- Abbreviation: CC
- Leader: Collective leadership
- Spokesperson: voir statut
- Founded: February 2019; 7 years ago
- Headquarters: Ans
- Ideology: Participatory democracy; Anti-establishment; Euroscepticism; Social liberalism;
- Political position: Syncretic
- Colors: Teal

Website
- https://collectifcitoyen.be

= Citizen Collective =

Citizen Collective (Collectif Citoyen) is a minor political party in Belgium founded in 2019, which is active in Wallonia and Brussels.

== History ==
===Federal and regional elections===
Collectif Citoyen was founded in 2019 following the gathering of a multitude of local Walloon parties with the aim of participating in the legislative elections in May.

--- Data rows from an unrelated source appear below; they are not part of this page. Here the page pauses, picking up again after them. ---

(* Let $X_1,\ldots,X_m$ be independent $\mathbb{R}^d$-valued random variables, each with an absolutely continuous distribution and finite $h(X_j)$, and let $a_1,\ldots,a_m\in\mathbb{R}$ be not all zero, with $h(\sum_j a_jX_j)$ finite. For $N>0$ let $X_1^{(N)},\ldots,X_m^{(N)}$ be independent with $X_j^{(N)}$ distributed as $X_j$ conditioned on $X_j\in[-N,N]^d$. Then $$\lim_{N\to\infty}h\Big(\sum_{j=1}^m a_jX_j^{(N)}\Big)=h\Big(\sum_{j=1}^m a_jX_j\Big).$$
   Context: $h$ denotes differential entropy w.r.t. Lebesgue measure. The conditional law of $X$ given $X\in[-N,N]^d$ has density $f_X(x)\mathbf 1\{x\in[-N,N]^d\}/P(X\in[-N,N]^d)$. *)

theory Defs
  imports "HOL-Probability.Probability"
begin

definition cube :: "real \<Rightarrow> (real ^ 'd) set" where
  "cube N = {x. \<forall>i. \<bar>x $ i\<bar> \<le> N}"

end

theory Submission
  imports Defs "HOL-Real_Asymp.Real_Asymp"
begin

(* Let E_N be the event that every X_j lies in the cube [-N,N]^d.  By independence, the family
   (X_j^(N))_j has the law of (X_j)_j conditioned on E_N, so S_N = \<Sum> a_j X_j^(N) has the law of
   S = \<Sum> a_j X_j under P( - | E_N), i.e. the density q_N / P(E_N), where q_N is the density of the
   law of S restricted to E_N.  The q_N are dominated by the density f of S, increase with N and have
   mass P(E_N) \<longrightarrow> 1, so q_N \<longrightarrow> f almost everywhere.  As |t ln t| \<le> 2 |f ln f| + 4 f for 0 \<le> t \<le> 2 f,
   dominated convergence gives h(S_N) \<longrightarrow> h(S).  Only the finiteness of h(S) is needed, not that
   of the h(X_j). *)

section \<open>The function t ln t\<close>

lemma abs_mult_ln_le_of_le:
  fixes t u :: real
  assumes "0 \<le> t" "t \<le> u"
  shows "\<bar>t * ln t\<bar> \<le> \<bar>u * ln u\<bar> + u"
proof (cases "t = 0")
  case False
  then have "0 < t" "0 < u" using assms by auto
  have "ln (1/t) \<le> 1/t - 1" "ln (u/t) \<le> u/t - 1"
    using \<open>0 < t\<close> \<open>0 < u\<close> by (intro ln_le_minus_one; simp)+
  then have "- (t * ln t) \<le> 1 - t" "t * (ln u - ln t) \<le> u - t"
    using \<open>0 < t\<close> \<open>0 < u\<close> by (simp_all add: ln_div field_simps)
  moreover have "t * ln t \<le> u * ln u" if "1 \<le> t"
    using that assms by (intro mult_mono) auto
  moreover have "- (t * ln u) \<le> - (u * ln u)" if "u \<le> 1"
    using that assms \<open>0 < u\<close> by (simp add: mult_right_mono_neg)
  moreover have "0 \<le> u * ln u" if "1 \<le> u" using that by simp
  moreover have "t * ln t < 0" if "t < 1" using that \<open>0 < t\<close> by (simp add: mult_pos_neg)
  moreover have "u * ln u \<le> 0" if "u \<le> 1" using that \<open>0 < u\<close> by (simp add: mult_nonneg_nonpos)
  ultimately show ?thesis
    using assms by (cases "1 \<le> t"; cases "1 \<le> u") (auto simp: algebra_simps abs_if)
qed (use assms in simp)

lemma abs_mult_ln_le_of_le_double:
  fixes t f :: real
  assumes "0 \<le> t" "t \<le> 2 * f"
  shows "\<bar>t * ln t\<bar> \<le> 2 * \<bar>f * ln f\<bar> + 4 * f"
proof (cases "f = 0")
  case False
  then have "0 < f" using assms by simp
  have "\<bar>t * ln t\<bar> \<le> \<bar>(2 * f) * ln (2 * f)\<bar> + 2 * f"
    by (rule abs_mult_ln_le_of_le[OF assms])
  also have "(2 * f) * ln (2 * f) = 2 * f * ln 2 + 2 * (f * ln f)"
    using \<open>0 < f\<close> by (simp add: ln_mult algebra_simps)
  also have "\<bar>2 * f * ln 2 + 2 * (f * ln f)\<bar> \<le> \<bar>2 * f * ln 2\<bar> + \<bar>2 * (f * ln f)\<bar>"
    by (rule abs_triangle_ineq)
  also have "\<dots> \<le> 2 * f + 2 * \<bar>f * ln f\<bar>"
    using \<open>0 < f\<close> ln_le_minus_one[of 2] by (simp add: abs_mult)
  finally show ?thesis by simp
qed (use assms in simp)

lemma continuous_on_mult_ln: "continuous_on {0..} (\<lambda>t::real. t * ln t)"
proof (rule continuous_on_eq_continuous_within[THEN iffD2], intro ballI)
  fix t :: real assume "t \<in> {0..}"
  show "continuous (at t within {0..}) (\<lambda>t. t * ln t)"
  proof (cases "t = 0")
    case True
    have "((\<lambda>t::real. t * ln t) \<longlongrightarrow> 0) (at_right 0)"
      by real_asymp
    then show ?thesis
      unfolding True continuous_within at_within_Ici_at_right by simp
  next
    case False
    with \<open>t \<in> {0..}\<close> have "isCont (\<lambda>t. t * ln t) t"
      by (intro continuous_intros) auto
    then show ?thesis
      by (rule continuous_at_imp_continuous_within)
  qed
qed

section \<open>Densities of laws restricted to an event\<close>

lemma AE_le_of_emeasure_density_le:
  fixes f g :: "'a \<Rightarrow> ennreal"
  assumes [measurable]: "f \<in> borel_measurable M" "g \<in> borel_measurable M"
    and g_finite: "(\<integral>\<^sup>+x. g x \<partial>M) \<noteq> \<infinity>"
    and le: "\<And>A. A \<in> sets M \<Longrightarrow> emeasure (density M f) A \<le> emeasure (density M g) A"
  shows "AE x in M. f x \<le> g x"
proof (rule ccontr)
  assume not_le: "\<not> (AE x in M. f x \<le> g x)"
  define A where "A = {x\<in>space M. g x < f x}"
  have A[measurable]: "A \<in> sets M" unfolding A_def by measurable
  have "(\<integral>\<^sup>+x. g x * indicator A x \<partial>M) \<le> (\<integral>\<^sup>+x. g x \<partial>M)"
    by (intro nn_integral_mono) (auto split: split_indicator)
  then have finite_A: "(\<integral>\<^sup>+x. g x * indicator A x \<partial>M) \<noteq> \<infinity>"
    using g_finite by (auto simp: top_unique)
  have "\<not> (AE x in M. f x * indicator A x \<le> g x * indicator A x)"
  proof
    assume "AE x in M. f x * indicator A x \<le> g x * indicator A x"
    with AE_space have "AE x in M. f x \<le> g x"
      by eventually_elim (auto simp: A_def not_less split: split_indicator_asm)
    with not_le show False by simp
  qed
  then have "(\<integral>\<^sup>+x. g x * indicator A x \<partial>M) < (\<integral>\<^sup>+x. f x * indicator A x \<partial>M)"
    by (intro nn_integral_less finite_A) (auto simp: A_def split: split_indicator)
  moreover have "(\<integral>\<^sup>+x. f x * indicator A x \<partial>M) \<le> (\<integral>\<^sup>+x. g x * indicator A x \<partial>M)"
    using le[OF A] by (simp add: emeasure_density)
  ultimately show False by simp
qed

lemma density_indicator_space: "density M (indicator (space M)) = M"
  by (subst density_1[symmetric]) (auto intro!: density_cong)

lemma AE_le_of_distributed_restrict:
  fixes X :: "'w \<Rightarrow> 'a" and g g' :: "'a \<Rightarrow> ennreal"
  assumes g: "distributed (density M (indicator E)) L X g"
    and g': "distributed (density M (indicator E')) L X g'"
    and [measurable]: "E \<in> sets M" "E' \<in> sets M"
    and "E \<subseteq> E'" "emeasure M E' \<noteq> \<infinity>"
  shows "AE x in L. g x \<le> g' x"
proof -
  have [measurable]: "X \<in> measurable M L"
    using distributed_measurable[OF g] by simp
  have [measurable]: "g \<in> borel_measurable L" "g' \<in> borel_measurable L"
    using g g' by (simp_all add: distributed_borel_measurable)
  have law: "emeasure (density L h) A = emeasure M (F \<inter> (X -` A \<inter> space M))"
    if "distributed (density M (indicator F)) L X h" "F \<in> sets M" "A \<in> sets L" for h F A
    using that by (simp add: distributed_distr_eq_density[symmetric] emeasure_distr emeasure_restricted)
  show ?thesis
  proof (rule AE_le_of_emeasure_density_le)
    have "(\<integral>\<^sup>+x. g' x \<partial>L) = emeasure (density L g') (space L)"
      by (auto simp: emeasure_density intro!: nn_integral_cong)
    also have "\<dots> = emeasure M (E' \<inter> (X -` space L \<inter> space M))"
      using law[OF g'] by simp
    also have "\<dots> \<le> emeasure M E'"
      by (intro emeasure_mono) auto
    finally show "(\<integral>\<^sup>+x. g' x \<partial>L) \<noteq> \<infinity>"
      using \<open>emeasure M E' \<noteq> \<infinity>\<close> by (auto simp: top_unique)
    show "emeasure (density L g) A \<le> emeasure (density L g') A" if "A \<in> sets L" for A
      using that \<open>E \<subseteq> E'\<close> by (simp add: law[OF g] law[OF g']) (intro emeasure_mono; auto)
  qed measurable
qed

lemma AE_le_of_distributed_restrict_space:
  fixes X :: "'w \<Rightarrow> 'a" and g f :: "'a \<Rightarrow> ennreal"
  assumes "distributed (density M (indicator E)) L X g" "distributed M L X f"
    and "E \<in> sets M" "emeasure M (space M) \<noteq> \<infinity>"
  shows "AE x in L. g x \<le> f x"
  using assms sets.sets_into_space[OF assms(3)]
  by (intro AE_le_of_distributed_restrict[of M E L X g "space M"]) (auto simp: density_indicator_space)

The main aims of the programme are to introduce participatory democracy and improve the transparency of elected representatives, parties, civil servants and the functioning of the justice system.
The movement also advocates a protectionist economic vision centred on the middle class, and the refinancing of social security and education.
The party obtained an honourable score of 0.31, placing it 16th out of 32 in the federal parliamentary elections. In Wallonia, the party scored 1.31%, finishing 9th out of 18. In Brussels, it presented only one list in the French-speaking college, winning 0.52% of the vote (10th out of 14).

In 2024, the party will deepen its programme by adding a geopolitical axis in which it opposes the European Union, NATO and the WHO.
CC will improve its score everywhere by obtaining 0.51% of the votes in the federal legislative elections. The same trend can be observed in Wallonia, where it won 1.60% of the vote, and in Brussels (French-speaking college) with 1.45%.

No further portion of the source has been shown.